5 October 2007 by Sam

Painting 'Christ discovered in the Temple'

‘Christ Discovered in the Temple’ by Simone Martini

Sharp eyed visitors may have noticed that a few of our paintings are not on display in their usual places in the Walker and Lady Lever Art Galleries. Don’t worry, they haven’t gone forever, they are just out on loan to other galleries. Our works of art are always in demand and this autumn is no exception, with National Museums LIverpool making significant loans to three major exhibitions.

The Walker’s Simone Martini painting Christ Discovered in the Temple is one of 18 items from our collections, including paintings, frescoes, ceramics and stoneware, that are now on display just down the M62 in the Art Treasures in Manchester exhibition at Manchester Art Gallery. Another eight paintings have been lent to the Millais exhibition at Tate Britain down in London.

We haven’t been left with empty walls though as we’ve received reciprocal loans from their collections. You can see four of the Tate’s paintings including ‘The Little White Girl: Symphony in White no 2′ by Whistler in the Lady Lever Art Gallery and Manchester Art Gallery are lending ‘Crucifixion’ by the School of Duccio to the Walker.

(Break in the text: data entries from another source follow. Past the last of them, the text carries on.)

definition K0 :: "nat set hterm set set" where
  "K0 = wf_terms // gh_rel"

definition K0_op :: "nat set hterm set \<Rightarrow> nat set hterm set \<Rightarrow> nat set hterm set \<Rightarrow> nat set hterm set" where
  "K0_op x y z = gh_rel `` {Tri (SOME a. a \<in> x) (SOME b. b \<in> y) (SOME c. c \<in> z)}"

definition K0_cl :: "nat set \<Rightarrow> nat set hterm set" where
  "K0_cl A = gh_rel `` {Gen A}"

end

theory Submission
  imports Defs "HOL-Algebra.Group"
begin

text \<open>
  Cardinality is invariant under isomorphism, and a pushout P of finite sets X <- Y -> Z along a
  monomorphism satisfies |P| = |X| - |Y| + |Z|; hence the cardinality of heap terms descends to
  a heap morphism from the Grothendieck heap to \<int>. Conversely, any element e of a heap is the
  unit of a group with x y = [x, e, y]; taking for e the class of the empty set, the pushout of
  {0..<k} and {k} over the empty set shows that the class of a k-element set is the k-th power of the class of a singleton. So every
  class is the power of that generator given by its cardinality, and the cardinality map is
  bijective. The multiplication transported from \<int> is a truss structure extending the
  cartesian product, and it is the only one: distributivity over the heap operation together
  with -n = [0, n, 0] reduces any truss product to products of classes of finite sets.
\<close>

section \<open>The retract group of a heap\<close>

definition heap_retract :: "'a set \<Rightarrow> ('a \<Rightarrow> 'a \<Rightarrow> 'a \<Rightarrow> 'a) \<Rightarrow> 'a \<Rightarrow> 'a monoid" where
  "heap_retract H t e = \<lparr>carrier = H, mult = (\<lambda>x y. t x e y), one = e\<rparr>"

context
  fixes H and t :: "'a \<Rightarrow> 'a \<Rightarrow> 'a \<Rightarrow> 'a" and e
  assumes heap: "heap H t" and e: "e \<in> H"
begin

private lemma heap_closed: "a \<in> H \<Longrightarrow> b \<in> H \<Longrightarrow> c \<in> H \<Longrightarrow> t a b c \<in> H"
  and heap_assoc: "a \<in> H \<Longrightarrow> b \<in> H \<Longrightarrow> c \<in> H \<Longrightarrow> d \<in> H \<Longrightarrow> f \<in> H \<Longrightarrow>
    t a b (t c d f) = t (t a b c) d f"
  and heap_left: "x \<in> H \<Longrightarrow> y \<in> H \<Longrightarrow> t x x y = y"
  and heap_right: "x \<in> H \<Longrightarrow> y \<in> H \<Longrightarrow> t y x x = y"
  using heap unfolding heap_def by blast+

private lemma heap_left_inverse: "x \<in> H \<Longrightarrow> t (t e x e) e x = e"
  using heap_assoc[of e x e e x] heap_left heap_right e by simp

lemma heap_retract_group: "group (heap_retract H t e)"
proof (rule groupI)
  show "\<exists>y\<in>carrier (heap_retract H t e). y \<otimes>\<^bsub>heap_retract H t e\<^esub> x = \<one>\<^bsub>heap_retract H t e\<^esub>"
    if "x \<in> carrier (heap_retract H t e)" for x
    using that e heap_left_inverse heap_closed
    by (auto simp: heap_retract_def intro!: bexI[of _ "t e x e"])
qed (use e heap_closed heap_assoc heap_left in \<open>auto simp: heap_retract_def\<close>)

lemma heap_retract_inv: "y \<in> H \<Longrightarrow> inv\<^bsub>heap_retract H t e\<^esub> y = t e y e"
  by (rule group.inv_equality[OF heap_retract_group])
    (use e heap_closed heap_left_inverse in \<open>auto simp: heap_retract_def\<close>)

lemma heap_op_via_retract:
  assumes "x \<in> H" "y \<in> H" "z \<in> H"
  shows "t x y z = x \<otimes>\<^bsub>heap_retract H t e\<^esub> inv\<^bsub>heap_retract H t e\<^esub> y \<otimes>\<^bsub>heap_retract H t e\<^esub> z"
proof -
  have "t (t x e (t e y e)) e z = t (t (t x e e) y e) e z"
    using assms e heap_assoc[of x e e y e] by simp
  also have "\<dots> = t x y (t e e z)"
    using assms e heap_right heap_assoc[of x y e e z] by simp
  finally show ?thesis
    using assms e heap_left heap_retract_inv by (simp add: heap_retract_def)
qed

end

section \<open>Truss multiplications on a heap isomorphic to a ring\<close>

lemma truss_transfer:
  fixes \<phi> :: "'a \<Rightarrow> 'b::ring" and \<psi> :: "'b \<Rightarrow> 'a"
  assumes "heap H t" and \<psi>_in: "\<And>n. \<psi> n \<in> H"
    and \<psi>_\<phi>: "\<And>x. x \<in> H \<Longrightarrow> \<psi> (\<phi> x) = x" and \<phi>_\<psi>: "\<And>n. \<phi> (\<psi> n) = n"
    and \<psi>_hom: "\<And>p q r. t (\<psi> p) (\<psi> q) (\<psi> r) = \<psi> (p - q + r)"
  shows "truss H t (\<lambda>x y. \<psi> (\<phi> x * \<phi> y))"
proof -
  have t_\<phi>: "t x y z = \<psi> (\<phi> x - \<phi> y + \<phi> z)" if "x \<in> H" "y \<in> H" "z \<in> H" for x y z
    using \<psi>_hom[of "\<phi> x" "\<phi> y" "\<phi> z"] that by (simp add: \<psi>_\<phi>)
  show ?thesis
    unfolding truss_def
    using assms(1) by (simp add: \<psi>_in \<phi>_\<psi> \<psi>_hom t_\<phi> mult.assoc algebra_simps)
qed

lemma truss_mult_determined_by_nonneg:
  fixes \<psi> :: "int \<Rightarrow> 'a"
  assumes tr: "truss H t m" and \<psi>_in: "\<And>n. \<psi> n \<in> H"
    and \<psi>_hom: "\<And>p q r. t (\<psi> p) (\<psi> q) (\<psi> r) = \<psi> (p - q + r)"
    and nonneg: "\<And>a b. 0 \<le> a \<Longrightarrow> 0 \<le> b \<Longrightarrow> m (\<psi> a) (\<psi> b) = \<psi> (a * b)"
  shows "m (\<psi> a) (\<psi> b) = \<psi> (a * b)"
proof -
  have left: "\<And>w x y z. w \<in> H \<Longrightarrow> x \<in> H \<Longrightarrow> y \<in> H \<Longrightarrow> z \<in> H \<Longrightarrow>
      m w (t x y z) = t (m w x) (m w y) (m w z)"
    and right: "\<And>w x y z. w \<in> H \<Longrightarrow> x \<in> H \<Longrightarrow> y \<in> H \<Longrightarrow> z \<in> H \<Longrightarrow>
      m (t x y z) w = t (m x w) (m y w) (m z w)"
    using tr unfolding truss_def by auto
  have neg: "\<psi> (- n) = t (\<psi> 0) (\<psi> n) (\<psi> 0)" for n
    using \<psi>_hom[of 0 n 0] by simp
  have nonneg_left: "m (\<psi> a) (\<psi> b) = \<psi> (a * b)" if "0 \<le> a" for a b
  proof (cases "0 \<le> b")
    case False
    have "m (\<psi> a) (\<psi> b) = m (\<psi> a) (t (\<psi> 0) (\<psi> (- b)) (\<psi> 0))"
      using neg[of "- b"] by simp
    also have "\<dots> = t (m (\<psi> a) (\<psi> 0)) (m (\<psi> a) (\<psi> (- b))) (m (\<psi> a) (\<psi> 0))"
      by (rule left) (rule \<psi>_in)+
    also have "\<dots> = \<psi> (a * b)"
      using that False by (simp add: nonneg \<psi>_hom)
    finally show ?thesis .
  qed (use that nonneg in simp)
  show ?thesis
  proof (cases "0 \<le> a")
    case False
    have "m (\<psi> a) (\<psi> b) = m (t (\<psi> 0) (\<psi> (- a)) (\<psi> 0)) (\<psi> b)"
      using neg[of "- a"] by simp
    also have "\<dots> = t (m (\<psi> 0) (\<psi> b)) (m (\<psi> (- a)) (\<psi> b)) (m (\<psi> 0) (\<psi> b))"
      by (rule right) (rule \<psi>_in)+
    also have "\<dots> = \<psi> (a * b)"
      using False by (simp add: nonneg_left \<psi>_hom)
    finally show ?thesis .
  qed (use nonneg_left in simp)
qed

section \<open>Pushouts of finite sets\<close>

lemma fs_iso_imp_card_eq: "fs_iso A B \<Longrightarrow> card A = card B"
proof -
  assume "fs_iso A B"
  then obtain f g where "f \<in> A \<rightarrow> B" "g \<in> B \<rightarrow> A" "\<forall>a\<in>A. g (f a) = a" "\<forall>b\<in>B. f (g b) = b"
    unfolding fs_iso_def by blast
  then have "bij_betw f A B" by (intro bij_betw_byWitness[where f'=g]) auto
  then show ?thesis by (rule bij_betw_same_card)
qed

lemma bij_betw_imp_fs_iso: "bij_betw f A B \<Longrightarrow> fs_iso A B"
  unfolding fs_iso_def
  by (intro exI[of _ f] exI[of _ "inv_into A f"])
    (auto simp: bij_betw_def inv_into_f_f f_inv_into_f inv_into_into)

lemma fs_mono_imp_inj_on:
  assumes "fs_mono f Y X" shows "inj_on f Y"
proof (rule inj_onI)
  fix y1 y2 assume y: "y1 \<in> Y" "y2 \<in> Y" "f y1 = f y2"
  have "\<forall>a\<in>{0::nat} \<rightarrow> Y. \<forall>b\<in>{0} \<rightarrow> Y. (\<forall>w\<in>{0}. f (a w) = f (b w)) \<longrightarrow> (\<forall>w\<in>{0}. a w = b w)"
    using assms unfolding fs_mono_def by blast
  from this[rule_format, of "\<lambda>_. y1" "\<lambda>_. y2"] y show "y1 = y2" by auto
qed

lemma fs_pushoutD:
  assumes "fs_pushout X Y Z P f g i j"
  shows "finite X" "finite Y" "finite Z" "finite P"
    and "f \<in> Y \<rightarrow> X" "g \<in> Y \<rightarrow> Z" "i \<in> X \<rightarrow> P" "j \<in> Z \<rightarrow> P"
    and "\<And>y. y \<in> Y \<Longrightarrow> i (f y) = j (g y)"
  using assms by (simp_all add: fs_pushout_def)

lemma fs_pushout_universal:
  fixes W :: "nat set"
  assumes po: "fs_pushout X Y Z P f g i j" and "finite W" "a \<in> X \<rightarrow> W" "b \<in> Z \<rightarrow> W"
    and "\<And>y. y \<in> Y \<Longrightarrow> a (f y) = b (g y)"
  shows "\<exists>u\<in>P \<rightarrow> W. (\<forall>x\<in>X. u (i x) = a x) \<and> (\<forall>z\<in>Z. u (j z) = b z) \<and>
           (\<forall>u'\<in>P \<rightarrow> W. (\<forall>x\<in>X. u' (i x) = a x) \<and> (\<forall>z\<in>Z. u' (j z) = b z)
               \<longrightarrow> (\<forall>p\<in>P. u' p = u p))"
proof -
  have "\<forall>W::nat set. finite W \<longrightarrow> (\<forall>a\<in>X \<rightarrow> W. \<forall>b\<in>Z \<rightarrow> W.
        (\<forall>y\<in>Y. a (f y) = b (g y)) \<longrightarrow>
        (\<exists>u\<in>P \<rightarrow> W. (\<forall>x\<in>X. u (i x) = a x) \<and> (\<forall>z\<in>Z. u (j z) = b z) \<and>
           (\<forall>u'\<in>P \<rightarrow> W. (\<forall>x\<in>X. u' (i x) = a x) \<and> (\<forall>z\<in>Z. u' (j z) = b z)
               \<longrightarrow> (\<forall>p\<in>P. u' p = u p))))"
    using po unfolding fs_pushout_def by (elim conjE) assumption
  from this[rule_format, OF assms(2-5)] show ?thesis .
qed

lemma fs_pushout_commute:
  assumes po: "fs_pushout X Y Z P f g i j"
  shows "fs_pushout Z Y X P g f j i"
  unfolding fs_pushout_def
proof (intro conjI allI impI ballI)
  fix W :: "nat set" and a b
  assume W: "finite W" and a: "a \<in> Z \<rightarrow> W" and b: "b \<in> X \<rightarrow> W"
    and "\<forall>y\<in>Y. a (g y) = b (f y)"
  then have "\<And>y. y \<in> Y \<Longrightarrow> b (f y) = a (g y)" by simp
  from fs_pushout_universal[OF po W b a this] show "\<exists>u\<in>P \<rightarrow> W. (\<forall>z\<in>Z. u (j z) = a z) \<and> (\<forall>x\<in>X. u (i x) = b x) \<and>
      (\<forall>u'\<in>P \<rightarrow> W. (\<forall>z\<in>Z. u' (j z) = a z) \<and> (\<forall>x\<in>X. u' (i x) = b x) \<longrightarrow> (\<forall>p\<in>P. u' p = u p))"
    by blast
qed (use fs_pushoutD[OF po] in auto)

lemma fs_pushout_induced_map:
  fixes W :: "nat set"
  assumes "fs_pushout X Y Z P f g i j" "finite W" "a \<in> X \<rightarrow> W" "b \<in> Z \<rightarrow> W"
    and "\<And>y. y \<in> Y \<Longrightarrow> a (f y) = b (g y)"
  obtains u where "\<forall>x\<in>X. u (i x) = a x" "\<forall>z\<in>Z. u (j z) = b z"
  using fs_pushout_universal[OF assms] by blast

lemma fs_pushout_maps_eq:
  fixes W :: "nat set"
  assumes po: "fs_pushout X Y Z P f g i j" and W: "finite W"
    and u: "u \<in> P \<rightarrow> W" "u' \<in> P \<rightarrow> W"
    and "\<forall>x\<in>X. u (i x) = u' (i x)" "\<forall>z\<in>Z. u (j z) = u' (j z)"
    and "p \<in> P"
  shows "u p = u' p"
proof -
  have "(\<lambda>x. u (i x)) \<in> X \<rightarrow> W" "(\<lambda>z. u (j z)) \<in> Z \<rightarrow> W"
    using u(1) fs_pushoutD(7,8)[OF po] by auto
  moreover have "\<And>y. y \<in> Y \<Longrightarrow> u (i (f y)) = u (j (g y))" using fs_pushoutD(9)[OF po] by simp
  ultimately obtain v where "\<forall>w\<in>P \<rightarrow> W. (\<forall>x\<in>X. w (i x) = u (i x)) \<and> (\<forall>z\<in>Z. w (j z) = u (j z))
      \<longrightarrow> (\<forall>p\<in>P. w p = v p)"
    using fs_pushout_universal[OF po W] by blast
  then show ?thesis using u assms(5-7) by (metis (no_types, lifting))
qed

lemma fs_pushout_jointly_surjective:
  assumes po: "fs_pushout X Y Z P f g i j"
  shows "P \<subseteq> i ` X \<union> j ` Z"
proof
  fix p assume p: "p \<in> P"
  have "(\<lambda>q. if q \<in> i ` X \<union> j ` Z then 0::nat else 1) p = (\<lambda>_. 0) p"
    by (rule fs_pushout_maps_eq[OF po, of "{0, 1}"]) (use p in auto)
  then show "p \<in> i ` X \<union> j ` Z" by (auto split: if_splits)
qed

lemma fs_pushout_inj_on_right:
  assumes po: "fs_pushout X Y Z P f g i j" and inj: "inj_on f Y"
  shows "inj_on j Z"
proof (rule inj_onI, rule ccontr)
  fix z1 z2 assume z: "z1 \<in> Z" "z2 \<in> Z" "j z1 = j z2" "z1 \<noteq> z2"
  define b where "b z = (if z = z1 then 1::nat else 0)" for z
  \<comment> \<open>since f is injective, the indicator b of z1 is compatible with a map a on X\<close>
  define a where "a x = (if x \<in> f ` Y \<and> g (the_inv_into Y f x) = z1 then 1::nat else 0)" for x
  have comm: "\<And>y. y \<in> Y \<Longrightarrow> a (f y) = b (g y)"
    using inj by (auto simp: a_def b_def the_inv_into_f_f)
  obtain u where "\<forall>x\<in>X. u (i x) = a x" "\<forall>z\<in>Z. u (j z) = b z"
    by (rule fs_pushout_induced_map[OF po, where W="{0, 1}" and a=a and b=b])
      (auto simp: comm, auto simp: a_def b_def split: if_splits)
  then have "u (j z1) = 1" "u (j z2) = 0" using z(1,2,4) by (simp_all add: b_def)
  then show False using z(3) by simp
qed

We have also sent five paintings, including The Scapegoat, Mrs Mounter and Mr and Mrs  Atherton, even further afield to the British Vision: observation and imagination in British art 1750 – 1950 exhibition at the Museum voor Schone Kunsten (or Museum of Fine Arts) at Ghent in Belgium. Paintings conservator David Crombie, who was there earlier in the week to install the paintings, reported back:


“British Vision is a very large exhibition with over 300 works including paintings, sculpture, sketches, prints and photographs spanning two centureis of British art. The Museum voor Schone Kunsten in Ghent has only recently been reopened after a complete refurbishment, and the exhibition takes up about half of the entire gallery space in the building. The permanent collections are also significant and more of these will be re-displayed when the exhibition finishes. The historic city of Ghent is well worth a visit if you want to see the show and there is a gallery of contemporary art as well, the Stedelijk Museum voor Actuele Kunst (SMAK).”